Question

In Exercises \(21-24\) , solve the initial value problem using the Fundamental Theorem. (Your answer will contain a definite integral.) \(F^{\prime}(x)=e^{\cos x}\) and \(F(2)=9\)

Short answer

The function \(F(x)\) that solves the initial value problem is \(F(x) = \int e^{\cos x} dx + 9\).

Step-by-step solution

Integrate \(F'(x)\)

The formula \(F'(x) = e^{\cos x}\) is provided. To get \(F(x)\), we need to integrate \(F'(x)\). That gives us \(F(x) = \int e^{\cos x} dx + C\), where \(C\) is the constant of integration. However, we can't simplify the integral \(\int e^{\cos x} dx\) any further, so we'll leave it as such.

Use the initial condition to find \(C\)

We're told that \(F(2) = 9\).
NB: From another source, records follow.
section \<open>Components and vertex covers\<close>

abbreviation reachable :: "'a set \<Rightarrow> 'a set set \<Rightarrow> 'a \<Rightarrow> 'a \<Rightarrow> bool" where
  "reachable V F \<equiv> (walk_rel V F)\<^sup>*\<^sup>*"

lemma reachable_sym: "reachable V F x y \<Longrightarrow> reachable V F y x"
proof -
  have "symp (walk_rel V F)" by (auto simp: symp_def walk_rel_def insert_commute)
  then show "reachable V F x y \<Longrightarrow> reachable V F y x" by (metis symp_rtranclp sympD)
qed

lemma reachable_edge: "{x, y} \<in> F \<Longrightarrow> x \<in> V \<Longrightarrow> y \<in> V \<Longrightarrow> reachable V F x y"
  by (simp add: walk_rel_def r_into_rtranclp)

lemma component_subset: "is_component V F C \<Longrightarrow> C \<subseteq> V"
  unfolding is_component_def by blast

lemma component_edge_closed:
  assumes "is_component V F C" and "x \<in> C" and "{x, y} \<in> F" and "y \<in> V"
  shows "y \<in> C"
proof -
  obtain u where u: "u \<in> V" "C = {v \<in> V. reachable V F u v}"
    using assms(1) unfolding is_component_def by blast
  then have "reachable V F u x" "x \<in> V" using assms(2) by auto
  then have "reachable V F u y" using assms(3,4) by (meson reachable_edge rtranclp_trans)
  then show "y \<in> C" using u assms(4) by blast
qed

lemma vertex_cover_edge_from_uncovered:
  assumes C: "is_component V F C" and S: "is_vertex_cover_comp F C S"
    and x: "x \<in> C - S" and e: "{x, y} \<in> F" and y: "y \<in> V"
  shows "y \<in> S"
proof -
  have "y \<in> C" using component_edge_closed[OF C _ e y] x by blast
  with x have "{x, y} \<subseteq> C" by blast
  then have "{x, y} \<inter> S \<noteq> {}" using S e unfolding is_vertex_cover_comp_def by blast
  then show "y \<in> S" using x by auto
qed

lemma pairwise_reachable_in_component:
  assumes "V \<noteq> {}" and "X \<subseteq> V" and "\<And>x y. x \<in> X \<Longrightarrow> y \<in> X \<Longrightarrow> reachable V F x y"
  shows "\<exists>C. is_component V F C \<and> X \<subseteq> C"
proof -
  obtain u where "u \<in> V" "X \<noteq> {} \<Longrightarrow> u \<in> X" using assms(1,2) by blast
  then show ?thesis using assms(2,3) unfolding is_component_def by blast
qed

lemma min_vertex_cover_card_less:
  assumes "finite V1" and "finite V2" and "V1 \<inter> V2 = {}"
    and bipartite: "F \<subseteq> {{u, v} | u v. u \<in> V1 \<and> v \<in> V2}"
    and no_matching: "\<not> has_connected_matching (V1 \<union> V2) F n"
    and C: "is_component (V1 \<union> V2) F C" and S: "is_min_vertex_cover_comp F C S"
  shows "card S < n"
proof (rule ccontr)
  assume "\<not> card S < n"
  have "{e \<in> F. e \<subseteq> C} \<subseteq> {{u, v} | u v. u \<in> V1 \<and> v \<in> V2}"
    by (rule subset_trans[OF _ bipartite]) blast
  from koenig_matching_cover[OF assms(1-3) this] obtain M W where M: "M \<subseteq> {e \<in> F. e \<subseteq> C}" "is_matching M"
    and W: "W \<subseteq> V1 \<union> V2" and cover: "\<forall>e\<in>{e \<in> F. e \<subseteq> C}. e \<inter> W \<noteq> {}"
    and "card M = card W"
    by blast
  have "is_vertex_cover_comp F C (W \<inter> C)"
    using cover unfolding is_vertex_cover_comp_def by blast
  then have "card S \<le> card (W \<inter> C)" using S unfolding is_min_vertex_cover_comp_def by blast
  also have "\<dots> \<le> card W"
    using finite_subset[OF W] assms(1,2) by (simp add: card_mono)
  finally have "n \<le> card M" using \<open>card M = card W\<close> \<open>\<not> card S < n\<close> by linarith
  then obtain M' where M': "M' \<subseteq> M" "card M' = n" by (meson obtain_subset_with_card_n)
  have "M' \<subseteq> F" "\<Union>M' \<subseteq> C" using M'(1) M(1) by blast+
  moreover have "is_matching M'" using M'(1) M(2) unfolding is_matching_def by blast
  ultimately have "has_connected_matching (V1 \<union> V2) F n"
    unfolding has_connected_matching_def using M'(2) C by blast
  then show False using no_matching by contradiction
qed

section \<open>Dense balanced bipartite graphs\<close>

definition neighbours :: "'a set set \<Rightarrow> 'a \<Rightarrow> 'a set" where
  "neighbours F v = {u. {u, v} \<in> F}"

lemma neighbours_sym: "y \<in> neighbours F z \<longleftrightarrow> z \<in> neighbours F y"
  unfolding neighbours_def by (simp add: insert_commute)

lemma card_add_le_card_Int:
  assumes "finite Q" and "A \<subseteq> Q" and "B \<subseteq> Q"
  shows "card A + card B \<le> card Q + card (A \<inter> B)"
proof -
  have "card A + card B = card (A \<union> B) + card (A \<inter> B)"
    using finite_subset[OF assms(2,1)] finite_subset[OF assms(3,1)] by (rule card_Un_Int)
  also have "card (A \<union> B) \<le> card Q" using assms by (simp add: card_mono)
  finally show ?thesis by linarith
qed

locale dense_bipartite =
  fixes V1 V2 :: "'a set" and E :: "'a set set" and N :: nat
  assumes finite_V1: "finite V1" and finite_V2: "finite V2" and disjoint: "V1 \<inter> V2 = {}"
    and card_V1: "card V1 = N" and card_V2: "card V2 = N"
    and bipartite: "E \<subseteq> {{u, v} | u v. u \<in> V1 \<and> v \<in> V2}"
    and dense: "\<And>v. v \<in> V1 \<union> V2 \<Longrightarrow> 3 * N < 4 * card (neighbours E v)"
begin

lemma dense_bipartite_swap: "dense_bipartite V2 V1 E N"
proof
  show "E \<subseteq> {{u, v} | u v. u \<in> V2 \<and> v \<in> V1}" using bipartite insert_commute by blast
qed (use finite_V1 finite_V2 disjoint card_V1 card_V2 dense in auto)

lemma neighbours_V1_subset: "v \<in> V1 \<Longrightarrow> neighbours E v \<subseteq> V2"
proof
  fix u assume "v \<in> V1" "u \<in> neighbours E v"
  then obtain a b where "{u, v} = {a, b}" "a \<in> V1" "b \<in> V2"
    using bipartite unfolding neighbours_def by blast
  then show "u \<in> V2" using \<open>v \<in> V1\<close> disjoint by (auto simp: doubleton_eq_iff)
qed

lemma neighbours_V2_subset: "v \<in> V2 \<Longrightarrow> neighbours E v \<subseteq> V1"
  by (rule dense_bipartite.neighbours_V1_subset[OF dense_bipartite_swap])

lemma card_sides: "A \<subseteq> V1 \<union> V2 \<Longrightarrow> card A = card (A \<inter> V1) + card (A \<inter> V2)"
proof -
  assume A: "A \<subseteq> V1 \<union> V2"
  then have "A - V1 = A \<inter> V2" using disjoint by blast
  moreover have "finite A" using A finite_V1 finite_V2 by (simp add: finite_subset)
  ultimately show ?thesis using card_Int_Diff[of A V1] by simp
qed

lemma edge_in_vertices: "{u, v} \<in> E \<Longrightarrow> u \<in> V1 \<union> V2"
  using bipartite by (auto simp: doubleton_eq_iff)

lemma card_neighbours_Int:
  assumes "v \<in> V1" and "U \<subseteq> V2"
  shows "4 * card U < 4 * card (neighbours E v \<inter> U) + N"
  using card_add_le_card_Int[OF finite_V2 neighbours_V1_subset[OF assms(1)] assms(2)] dense[of v]
    assms(1) card_V2 by simp

lemma common_neighbour_in:
  assumes "x \<in> V1" and "x' \<in> V1" and U: "U \<subseteq> V2" "N \<le> 2 * card U"
  shows "\<exists>y\<in>U. y \<in> neighbours E x \<and> y \<in> neighbours E x'"
proof -
  have "4 * card U < 4 * card (neighbours E x \<inter> U) + N" "4 * card U < 4 * card (neighbours E x' \<inter> U) + N"
    using card_neighbours_Int[OF assms(1) U(1)] card_neighbours_Int[OF assms(2) U(1)] .
  moreover have "card (neighbours E x \<inter> U) + card (neighbours E x' \<inter> U)
      \<le> card U + card ((neighbours E x \<inter> U) \<inter> (neighbours E x' \<inter> U))"
    using finite_subset[OF U(1) finite_V2] by (rule card_add_le_card_Int) auto
  ultimately have "(neighbours E x \<inter> U) \<inter> (neighbours E x' \<inter> U) \<noteq> {}"
    using U(2) by (intro notI) simp
  then show ?thesis by blast
qed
This means that when we substitute \(x = 2\) into our formula for \(F(x)\), the result should be \(9\). Plugging in these values gives \(9 = \int_2^2 e^{\cos x} dx + C\). Notice that the definite integral from any number to itself is always zero, so we get that \(9=C\).
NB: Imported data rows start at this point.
theorem theorem3p2:
  fixes G :: "('a::banach \<times> 'b::banach) set" and A :: "'a set"
    and yb :: 'b and xb :: 'a and K :: "'a set" and V :: "'a set"
  assumes "closed G" and "convex G"
    and "closed A" and "convex A"
    and "xb \<in> solset G A yb"
    and "closed K" and "convex K" and "cone K"
    and "\<exists>U. open U \<and> xb \<in> U \<and> U \<subseteq> V"
    and "solset G A yb \<inter> V = ((\<lambda>k. xb + k) ` K) \<inter> V"
  shows "inverse (subreg G A xb yb) =
    sup0 {\<eta>::real. \<eta> > 0 \<and> (\<forall>\<eta>1 \<eta>2. \<eta>1 \<ge> 0 \<and> \<eta>2 \<ge> 0 \<and> \<eta>1 + \<eta>2 < \<eta> \<longrightarrow>
        DFinv G yb xb (cball 0 \<eta>1) \<inter> msum (contingent_cone A xb) (cball 0 \<eta>2)
          \<subseteq> msum (contingent_cone (solset G A yb) xb) (cball 0 1))}"
proof -
  obtain U where "open U" "xb \<in> U" "U \<subseteq> V"
    using assms(9) by blast
  then obtain r where "r > 0" "ball xb r \<subseteq> V"
    by (meson open_contains_ball order_trans)
  then have "solset G A yb \<inter> ball xb r = (\<lambda>k. xb + k) ` K \<inter> ball xb r"
    using assms(10) by blast
  then interpret locally_conic_solutions G A xb yb K r
    by (intro locally_conic_solutions.intro assms(2,4,5,6,8) \<open>r > 0\<close>)
  have subreg_eq: "subreg G A xb yb = Inf (ereal ` {\<tau>. \<tau> > 0 \<and> (\<exists>\<delta>>0. subreg_estimate G A xb yb \<tau> \<delta>)})"
    unfolding subreg_def subreg_estimate_def ..
  show ?thesis
    unfolding tangent_inclusion_def[symmetric] tangent_inclusion_set_eq_reciprocals subreg_eq
    by (rule inverse_Inf_ereal_eq_sup0) simp
qed

end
Write the function \(F(x)\)

Now that we have \(C = 9\), we can substitute this back into our formula for \(F(x)\), obtaining that \(F(x) = \int e^{\cos x} dx + 9\). This is the equation of the function \(F\) that satisfies the initial value problem.

Key concepts

Fundamental Theorem of Calculus

The Fundamental Theorem of Calculus links the concept of differentiation with that of integration. It's essentially the bridge that connects these two primary operations in calculus. It has two parts: the first part states that if we have a continuous function, the integral of its derivative over an interval is equal to the difference between the values of the original function at the endpoints of the interval. This means, symbolically, if we have a function f(x) that is continuous and its derivative f'(x), and F(x) is the antiderivative of f(x), then:

\[\begin{equation}F(b) - F(a) = \right.\int_a^b f'(x) \,dx\right.\end{equation}\]where a and b define the interval. The second part, which is particularly useful in solving the initial value problems, tells us that the integral of a function from a to x can be used to define another function F(x), which is the antiderivative of the original function, with F'(x) = f(x). In the context of an initial value problem like the exercise provided, this theorem allows us to derive the function F(x) by integrating the derivative F'(x), and then apply the initial condition to solve for any constants.

Definite Integral

A definite integral is a concept that represents the area under the curve of a function, bounded between two specific values, often referred to as the limits of integration. In mathematics, when we write

\[\begin{equation}\int_a^b f(x) \,dx\right.\end{equation}\]we are referring to the definite integral of the function f(x) from point a to b. The value of a definite integral is a number that represents the total accumulation of the quantity defined by f(x) over the interval [a, b].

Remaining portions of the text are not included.